We still need to stabilize the codebase. We are not ready yet to move to finalizing a version 1.0, at least because we still need to rework the visualization engine to get rid of unmaintained dependencies. This will require a separate effort later on this year.

The Gephi Week was very beneficial to the project. Although we struggle to be attractive to Java developers, the Gephi Week was an occasion for everyone to improve their knowledge about the codebase. Some contributors like myself were rusty, and it was for us an opportunity to exercise our coding muscles again, under the excellent coaching of Mathieu Bastian, who also recorded a guided tour of the codebase. Newcomers could also learn the basics, and the codebase received more scrutiny. Little by little, we build the ability to help and support each other, and improve our autonomy. And beyond the central concern about the sustainability of the codebase, the project immensely improved in many unexpected directions, such as rethinking the design of popular features like community detection, revamping big parts of the visual identity (icons), and building a web sibling to the Java version, Gephi Lite. Even beyond these developments, the coding retreat spawned satellite events like a meeting with the local OSINT community (many Gephi users!), live-streaming with YouTubers, and discussing with renowned researchers. Around the coding retreat, something like a mini-festival is growing by itself.
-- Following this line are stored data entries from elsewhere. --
lemma gen_timelike_min_surface_front_at_iff:
  assumes "gen_timelike_min_surface I J g1 w1 g2 w2 f" and "u \<in> I" and "v \<in> J"
  shows "w1 u = 0 \<Longrightarrow> w2 v \<noteq> 0 \<Longrightarrow> front_at f (normal_of g1 g2) (u, v) \<longleftrightarrow> deriv g1 u \<noteq> 0"
    and "w2 v = 0 \<Longrightarrow> w1 u \<noteq> 0 \<Longrightarrow> front_at f (normal_of g1 g2) (u, v) \<longleftrightarrow> deriv g2 v \<noteq> 0"
proof -
  note data = gen_timelike_min_surface_data_has_derivative[OF assms]
  obtain na nb where "na \<noteq> 0" and "nb \<noteq> 0" and normal:
    "(normal_of g1 g2 has_derivative (\<lambda>z. fst z *\<^sub>R (deriv g1 u *\<^sub>R na) + snd z *\<^sub>R (deriv g2 v *\<^sub>R nb))) (at (u, v))"
    using normal_of_has_derivative[OF data(1) data(3)] .
  define fu where "fu = (1/2 * w1 u) *\<^sub>R nullU (g1 u)"
  define fv where "fv = (1/2 * w2 v) *\<^sub>R nullV (g2 v)"
  from has_derivative_Pair[OF gen_timelike_min_surface_has_derivative[OF assms] normal]
  have front: "front_at f (normal_of g1 g2) (u, v) \<longleftrightarrow>
      inj (\<lambda>z. (fst z *\<^sub>R fu + snd z *\<^sub>R fv, fst z *\<^sub>R (deriv g1 u *\<^sub>R na) + snd z *\<^sub>R (deriv g2 v *\<^sub>R nb)))"
    unfolding front_at_def fu_def fv_def by (rule immersion_at_iff_inj)
  show "front_at f (normal_of g1 g2) (u, v) \<longleftrightarrow> deriv g1 u \<noteq> 0" if "w1 u = 0" and "w2 v \<noteq> 0"
  proof -
    have "fu = 0" and "fv \<noteq> 0" using that nullV_neq_0 by (simp_all add: fu_def fv_def)
    with inj_pair_scaleR_iff_snd[of fv "deriv g1 u *\<^sub>R na" "deriv g2 v *\<^sub>R nb"]
    show ?thesis using front \<open>na \<noteq> 0\<close> by simp
  qed
  show "front_at f (normal_of g1 g2) (u, v) \<longleftrightarrow> deriv g2 v \<noteq> 0" if "w2 v = 0" and "w1 u \<noteq> 0"
  proof -
    have "fv = 0" and "fu \<noteq> 0" using that nullU_neq_0 by (simp_all add: fu_def fv_def)
    with inj_pair_scaleR_iff_fst[of fu "deriv g1 u *\<^sub>R na" "deriv g2 v *\<^sub>R nb"]
    show ?thesis using front \<open>nb \<noteq> 0\<close> by simp
  qed
qed

lemma fst_times_eq_0_iff: "(\<lambda>z::real \<times> real. fst z * c) = (\<lambda>_. 0) \<longleftrightarrow> c = 0"
  by (auto simp: fun_eq_iff dest: spec[of _ "(1, 0)"])

lemma snd_times_eq_0_iff: "(\<lambda>z::real \<times> real. snd z * c) = (\<lambda>_. 0) \<longleftrightarrow> c = 0"
  by (auto simp: fun_eq_iff dest: spec[of _ "(0, 1)"])

lemma gen_timelike_min_surface_nondegenerate_iff:
  assumes "gen_timelike_min_surface I J g1 w1 g2 w2 f" and "u \<in> I" and "v \<in> J"
  shows "w1 u = 0 \<Longrightarrow> nondegenerate f (normal_of g1 g2) (u, v) \<longleftrightarrow>
      deriv w1 u * w2 v * area_density_factor (g1 u) (g2 v) \<noteq> 0"
    and "w2 v = 0 \<Longrightarrow> nondegenerate f (normal_of g1 g2) (u, v) \<longleftrightarrow>
      w1 u * deriv w2 v * area_density_factor (g1 u) (g2 v) \<noteq> 0"
proof -
  obtain D where derivative: "(area_density f (normal_of g1 g2) has_derivative
      (\<lambda>z. w1 u * w2 v * D z + (w1 u * (snd z * deriv w2 v) + fst z * deriv w1 u * w2 v)
                                 * area_density_factor (g1 u) (g2 v))) (at (u, v))"
    using gen_timelike_min_surface_area_density_has_derivative[OF assms] .
  show "nondegenerate f (normal_of g1 g2) (u, v) \<longleftrightarrow>
      deriv w1 u * w2 v * area_density_factor (g1 u) (g2 v) \<noteq> 0" if "w1 u = 0"
  proof -
    from derivative that have "(area_density f (normal_of g1 g2) has_derivative
        (\<lambda>z. fst z * (deriv w1 u * w2 v * area_density_factor (g1 u) (g2 v)))) (at (u, v))"
      by (simp add: mult_ac)
    then show ?thesis by (simp add: nondegenerate_iff_derivative_neq_0 fst_times_eq_0_iff)
  qed
  show "nondegenerate f (normal_of g1 g2) (u, v) \<longleftrightarrow>
      w1 u * deriv w2 v * area_density_factor (g1 u) (g2 v) \<noteq> 0" if "w2 v = 0"
  proof -
    from derivative that have "(area_density f (normal_of g1 g2) has_derivative
        (\<lambda>z. snd z * (w1 u * deriv w2 v * area_density_factor (g1 u) (g2 v)))) (at (u, v))"
      by (simp add: mult_ac)
    then show ?thesis by (simp add: nondegenerate_iff_derivative_neq_0 snd_times_eq_0_iff)
  qed
qed

theorem lemma4p1:
  fixes I J :: "real set" and g1 w1 g2 w2 :: "real \<Rightarrow> real"
    and f :: "real \<times> real \<Rightarrow> real^3" and u0 v0 :: real
  assumes surf: "gen_timelike_min_surface I J g1 w1 g2 w2 f"
    and pI: "u0 \<in> I" and pJ: "v0 \<in> J"
    and sing: "singular_point f (u0, v0)"
    and w: "w1 u0 * w2 v0 = 0"
    and rank: "dim (range (frechet_derivative f (at (u0, v0)))) = 1"
  shows "(w1 u0 = 0 \<longrightarrow> (front_at f (normal_of g1 g2) (u0, v0) \<longleftrightarrow> deriv g1 u0 \<noteq> 0))
       \<and> (w2 v0 = 0 \<longrightarrow> (front_at f (normal_of g1 g2) (u0, v0) \<longleftrightarrow> deriv g2 v0 \<noteq> 0))
       \<and> (w1 u0 = 0 \<longrightarrow> (nondegenerate f (normal_of g1 g2) (u0, v0)
                          \<longleftrightarrow> deriv w1 u0 \<noteq> 0 \<and> g1 u0 * g2 v0 \<noteq> 1))
       \<and> (w2 v0 = 0 \<longrightarrow> (nondegenerate f (normal_of g1 g2) (u0, v0)
                          \<longleftrightarrow> deriv w2 v0 \<noteq> 0 \<and> g1 u0 * g2 v0 \<noteq> 1))"
proof -
  have "w1 u0 \<noteq> 0 \<or> w2 v0 \<noteq> 0"
    using dim_range_derivative_neq_0[OF gen_timelike_min_surface_has_derivative[OF surf pI pJ]] rank
    by auto
  with w consider "w1 u0 = 0" and "w2 v0 \<noteq> 0" | "w2 v0 = 0" and "w1 u0 \<noteq> 0" by auto
  then show ?thesis
  proof cases
    case 1
    then show ?thesis
      using gen_timelike_min_surface_front_at_iff(1)[OF surf pI pJ] gen_timelike_min_surface_nondegenerate_iff(1)[OF surf pI pJ]
        area_density_factor_eq_0_iff by auto
  next
    case 2
    then show ?thesis
      using gen_timelike_min_surface_front_at_iff(2)[OF surf pI pJ] gen_timelike_min_surface_nondegenerate_iff(2)[OF surf pI pJ]
        area_density_factor_eq_0_iff by auto
  qed
qed

end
We remain committed to keeping this event yearly, and we expect it to grow again next year.

Wrap-up videos

As our wrap-up was live streamed, we had the opportunity to share that moment with you. The stream has been cleaned up and sliced. We published it on our YouTube channel as a playlist (see below). The playlist, about 100 minutes-long, is in the order it was recorded. For a more thematic approach, each video will be featured separately as we explain what we have done during the Gephi Week, starting in the next section.

Playlist of the wrap-up on YouTube. 100 minutes.

More about what we have done

Allowing the export of node coordinates

An often demanded feature added by Sukankana “Schuh” Chakraborty. The (x,y) coordinates of nodes are native to Gephi. They are not like any other attribute insofar as they are used to draw the layout. As an unfortunate consequence, they used to be omitted during the export of data. Which is a problem, notably if you want to draw the nodes in another environment like Tableau. Schuh addressed this issue and added the option.

Screenshot of the settings panel
Schuh (Sukankana Chakraborty) explains her work on making the node coordinate exportable.

Making the type of edges editable

In multigraphs, each edge has a given “type”, also sometimes called “kind”. Those differentiate the represented relations, for example mother, sister, niece… Like for Schuh’s issue just before, the edge type was a special attribute, and we could not change it in the data laboratory. As Mathieu Bastian explains below, Matthieu Totet addressed the issue (he could not be present during the wrap-up).

Mathieu Bastian explains his work with Matthieu Totet on making edge kind editable for multigraphs in Gephi.

Exporting the same node borders as in the overview

You may have noticed that the nodes have a different look in the Overview and in the Preview. The Preview (the image exporter) can generally do more than the Overview, but one feature was missing: having node borders colored with a darker version of the node color. Roberto Luna-Garcia added this option to the settings.

Roberto Luna-Garcia showcases his work on adding node borders in the export.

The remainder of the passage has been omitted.